* **Work item**
From the line containing "by (intro mult_left_mono)" to the last line of the records, please reproduce every line exactly and nothing more.

== Source data ==

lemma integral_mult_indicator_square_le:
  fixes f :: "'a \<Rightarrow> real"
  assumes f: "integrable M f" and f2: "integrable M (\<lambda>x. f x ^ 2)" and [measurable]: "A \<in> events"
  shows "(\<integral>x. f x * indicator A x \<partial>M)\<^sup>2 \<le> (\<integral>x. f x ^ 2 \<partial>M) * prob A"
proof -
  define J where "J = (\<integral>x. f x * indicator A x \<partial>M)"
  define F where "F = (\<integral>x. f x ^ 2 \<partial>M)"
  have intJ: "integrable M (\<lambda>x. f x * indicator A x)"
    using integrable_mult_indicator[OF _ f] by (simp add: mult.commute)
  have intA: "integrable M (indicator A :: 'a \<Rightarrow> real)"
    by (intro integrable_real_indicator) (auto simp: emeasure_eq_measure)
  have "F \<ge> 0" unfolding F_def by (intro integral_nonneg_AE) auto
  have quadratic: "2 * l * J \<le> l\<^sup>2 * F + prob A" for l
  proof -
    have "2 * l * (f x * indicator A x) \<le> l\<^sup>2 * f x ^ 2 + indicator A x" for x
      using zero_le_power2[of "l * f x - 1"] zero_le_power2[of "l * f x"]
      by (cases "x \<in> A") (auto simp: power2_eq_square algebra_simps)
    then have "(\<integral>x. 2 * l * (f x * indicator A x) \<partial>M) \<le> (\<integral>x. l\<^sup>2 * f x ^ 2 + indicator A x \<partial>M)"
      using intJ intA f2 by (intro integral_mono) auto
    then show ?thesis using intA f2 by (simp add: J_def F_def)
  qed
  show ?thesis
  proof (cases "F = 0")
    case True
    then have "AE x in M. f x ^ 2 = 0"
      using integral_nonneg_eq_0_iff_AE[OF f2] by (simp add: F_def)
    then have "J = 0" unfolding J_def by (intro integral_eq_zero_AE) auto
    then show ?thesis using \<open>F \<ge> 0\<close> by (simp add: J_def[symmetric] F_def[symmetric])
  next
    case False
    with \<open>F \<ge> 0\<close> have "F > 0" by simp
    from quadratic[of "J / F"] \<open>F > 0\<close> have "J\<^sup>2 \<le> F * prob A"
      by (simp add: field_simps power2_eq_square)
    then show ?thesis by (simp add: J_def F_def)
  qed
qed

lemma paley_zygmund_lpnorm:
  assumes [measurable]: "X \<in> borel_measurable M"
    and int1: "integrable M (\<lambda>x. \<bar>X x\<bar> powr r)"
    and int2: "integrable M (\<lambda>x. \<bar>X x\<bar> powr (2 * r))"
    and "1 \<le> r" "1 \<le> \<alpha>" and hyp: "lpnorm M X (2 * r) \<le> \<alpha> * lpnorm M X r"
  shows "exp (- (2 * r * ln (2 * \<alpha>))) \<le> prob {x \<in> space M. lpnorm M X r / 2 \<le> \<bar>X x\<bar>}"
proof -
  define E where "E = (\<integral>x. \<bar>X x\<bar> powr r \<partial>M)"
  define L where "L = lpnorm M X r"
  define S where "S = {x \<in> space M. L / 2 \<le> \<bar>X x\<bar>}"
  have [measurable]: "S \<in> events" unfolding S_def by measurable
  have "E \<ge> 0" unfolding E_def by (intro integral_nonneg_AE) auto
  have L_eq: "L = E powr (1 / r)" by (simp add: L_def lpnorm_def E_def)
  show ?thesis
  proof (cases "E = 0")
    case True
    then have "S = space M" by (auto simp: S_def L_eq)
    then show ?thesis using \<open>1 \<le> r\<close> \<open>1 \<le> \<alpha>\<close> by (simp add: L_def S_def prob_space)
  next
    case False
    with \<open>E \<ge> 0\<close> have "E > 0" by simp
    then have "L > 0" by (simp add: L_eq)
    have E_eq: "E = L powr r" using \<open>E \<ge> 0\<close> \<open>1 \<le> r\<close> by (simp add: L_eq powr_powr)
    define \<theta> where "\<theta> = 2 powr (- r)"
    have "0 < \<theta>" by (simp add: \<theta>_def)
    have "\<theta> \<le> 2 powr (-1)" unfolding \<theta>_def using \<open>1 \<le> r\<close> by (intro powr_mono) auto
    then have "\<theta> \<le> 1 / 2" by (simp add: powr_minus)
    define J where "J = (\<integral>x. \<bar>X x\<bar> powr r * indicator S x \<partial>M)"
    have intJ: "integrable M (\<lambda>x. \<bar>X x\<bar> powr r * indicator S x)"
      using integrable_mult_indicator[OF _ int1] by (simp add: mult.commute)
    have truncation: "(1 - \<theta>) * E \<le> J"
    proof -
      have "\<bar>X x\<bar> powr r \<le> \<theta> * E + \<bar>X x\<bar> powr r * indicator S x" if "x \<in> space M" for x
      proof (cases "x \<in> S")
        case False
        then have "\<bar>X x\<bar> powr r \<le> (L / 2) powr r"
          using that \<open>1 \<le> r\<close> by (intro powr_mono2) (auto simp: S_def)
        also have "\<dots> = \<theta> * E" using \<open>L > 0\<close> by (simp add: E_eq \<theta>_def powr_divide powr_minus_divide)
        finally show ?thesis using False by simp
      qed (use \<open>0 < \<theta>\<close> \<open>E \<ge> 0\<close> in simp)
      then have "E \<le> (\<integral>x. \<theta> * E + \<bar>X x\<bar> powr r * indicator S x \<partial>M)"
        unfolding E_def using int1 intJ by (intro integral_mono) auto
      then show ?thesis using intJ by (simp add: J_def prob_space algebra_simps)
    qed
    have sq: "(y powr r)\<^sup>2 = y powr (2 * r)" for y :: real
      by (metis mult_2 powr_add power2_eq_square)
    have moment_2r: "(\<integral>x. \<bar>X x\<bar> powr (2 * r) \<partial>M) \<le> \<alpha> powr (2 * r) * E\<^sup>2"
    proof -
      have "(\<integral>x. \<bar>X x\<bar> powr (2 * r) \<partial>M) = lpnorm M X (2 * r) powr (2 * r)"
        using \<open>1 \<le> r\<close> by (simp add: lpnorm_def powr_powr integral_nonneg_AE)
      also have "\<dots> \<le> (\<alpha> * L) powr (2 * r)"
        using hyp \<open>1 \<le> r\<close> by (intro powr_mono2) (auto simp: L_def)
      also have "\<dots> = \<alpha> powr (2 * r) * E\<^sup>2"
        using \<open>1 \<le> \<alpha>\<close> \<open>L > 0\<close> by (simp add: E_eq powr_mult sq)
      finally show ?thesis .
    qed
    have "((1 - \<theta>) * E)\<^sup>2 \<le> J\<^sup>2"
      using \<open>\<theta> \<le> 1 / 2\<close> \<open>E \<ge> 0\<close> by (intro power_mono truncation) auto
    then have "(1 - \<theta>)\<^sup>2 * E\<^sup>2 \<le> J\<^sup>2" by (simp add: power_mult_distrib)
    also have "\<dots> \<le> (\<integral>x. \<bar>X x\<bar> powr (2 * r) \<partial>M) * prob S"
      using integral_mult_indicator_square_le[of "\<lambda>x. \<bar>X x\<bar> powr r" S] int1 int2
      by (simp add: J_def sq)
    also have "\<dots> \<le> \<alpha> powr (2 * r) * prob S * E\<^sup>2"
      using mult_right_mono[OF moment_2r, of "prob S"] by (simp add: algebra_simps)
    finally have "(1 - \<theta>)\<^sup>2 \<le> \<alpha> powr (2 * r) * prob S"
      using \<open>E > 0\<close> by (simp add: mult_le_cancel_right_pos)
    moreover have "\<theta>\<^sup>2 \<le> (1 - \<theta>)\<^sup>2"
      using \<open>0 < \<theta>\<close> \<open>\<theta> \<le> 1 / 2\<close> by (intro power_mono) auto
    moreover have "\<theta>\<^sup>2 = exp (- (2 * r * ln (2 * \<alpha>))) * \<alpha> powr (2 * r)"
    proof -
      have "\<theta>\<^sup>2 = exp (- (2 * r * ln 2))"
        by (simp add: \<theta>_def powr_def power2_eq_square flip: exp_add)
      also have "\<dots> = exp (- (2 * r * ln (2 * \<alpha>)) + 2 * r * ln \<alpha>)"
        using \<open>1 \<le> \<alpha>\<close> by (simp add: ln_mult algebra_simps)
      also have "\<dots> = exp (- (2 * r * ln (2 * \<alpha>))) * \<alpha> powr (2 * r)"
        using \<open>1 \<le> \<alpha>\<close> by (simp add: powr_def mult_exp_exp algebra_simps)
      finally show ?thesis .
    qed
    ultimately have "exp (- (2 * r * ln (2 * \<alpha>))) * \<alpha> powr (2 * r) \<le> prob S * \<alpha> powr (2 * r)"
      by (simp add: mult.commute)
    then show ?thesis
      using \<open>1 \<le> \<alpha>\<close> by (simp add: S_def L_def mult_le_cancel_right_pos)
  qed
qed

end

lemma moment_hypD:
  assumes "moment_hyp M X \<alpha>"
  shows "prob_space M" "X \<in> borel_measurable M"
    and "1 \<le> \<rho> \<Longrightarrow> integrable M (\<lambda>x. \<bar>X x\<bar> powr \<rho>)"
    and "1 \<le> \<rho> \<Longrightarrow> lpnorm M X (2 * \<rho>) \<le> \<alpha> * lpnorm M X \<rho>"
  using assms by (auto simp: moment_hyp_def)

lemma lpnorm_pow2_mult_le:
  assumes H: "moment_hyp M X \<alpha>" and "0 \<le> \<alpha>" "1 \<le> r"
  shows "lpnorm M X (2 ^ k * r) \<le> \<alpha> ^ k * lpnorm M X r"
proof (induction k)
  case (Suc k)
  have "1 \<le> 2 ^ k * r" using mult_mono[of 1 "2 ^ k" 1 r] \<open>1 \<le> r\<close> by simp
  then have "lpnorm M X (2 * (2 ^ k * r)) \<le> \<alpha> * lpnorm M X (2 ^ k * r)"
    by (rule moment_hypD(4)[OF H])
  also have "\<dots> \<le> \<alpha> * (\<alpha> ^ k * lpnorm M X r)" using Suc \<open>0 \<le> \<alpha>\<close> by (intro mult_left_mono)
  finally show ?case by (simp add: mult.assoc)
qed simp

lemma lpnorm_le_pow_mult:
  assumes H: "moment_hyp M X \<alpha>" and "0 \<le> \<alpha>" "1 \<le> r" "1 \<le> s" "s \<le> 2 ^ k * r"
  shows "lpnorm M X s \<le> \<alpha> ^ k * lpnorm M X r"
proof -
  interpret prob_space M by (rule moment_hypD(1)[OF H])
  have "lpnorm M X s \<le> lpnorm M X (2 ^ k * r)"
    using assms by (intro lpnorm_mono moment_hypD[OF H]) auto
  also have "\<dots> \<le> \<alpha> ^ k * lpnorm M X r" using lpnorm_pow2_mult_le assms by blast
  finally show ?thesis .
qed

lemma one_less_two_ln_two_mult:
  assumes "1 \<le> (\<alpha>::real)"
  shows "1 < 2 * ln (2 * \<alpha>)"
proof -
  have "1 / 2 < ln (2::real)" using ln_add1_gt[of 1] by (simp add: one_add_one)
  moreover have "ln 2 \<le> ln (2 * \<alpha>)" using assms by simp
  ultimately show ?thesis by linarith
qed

===

* **Finished exercise**
  also have "\<dots> \<le> \<alpha> * (\<alpha> ^ k * lpnorm M X r)" using Suc \<open>0 \<le> \<alpha>\<close> by (intro mult_left_mono)
  finally show ?case by (simp add: mult.assoc)
qed simp

lemma lpnorm_le_pow_mult:
  assumes H: "moment_hyp M X \<alpha>" and "0 \<le> \<alpha>" "1 \<le> r" "1 \<le> s" "s \<le> 2 ^ k * r"
  shows "lpnorm M X s \<le> \<alpha> ^ k * lpnorm M X r"
proof -
  interpret prob_space M by (rule moment_hypD(1)[OF H])
  have "lpnorm M X s \<le> lpnorm M X (2 ^ k * r)"
    using assms by (intro lpnorm_mono moment_hypD[OF H]) auto
  also have "\<dots> \<le> \<alpha> ^ k * lpnorm M X r" using lpnorm_pow2_mult_le assms by blast
  finally show ?thesis .
qed

lemma one_less_two_ln_two_mult:
  assumes "1 \<le> (\<alpha>::real)"
  shows "1 < 2 * ln (2 * \<alpha>)"
proof -
  have "1 / 2 < ln (2::real)" using ln_add1_gt[of 1] by (simp add: one_add_one)
  moreover have "ln 2 \<le> ln (2 * \<alpha>)" using assms by simp
  ultimately show ?thesis by linarith
qed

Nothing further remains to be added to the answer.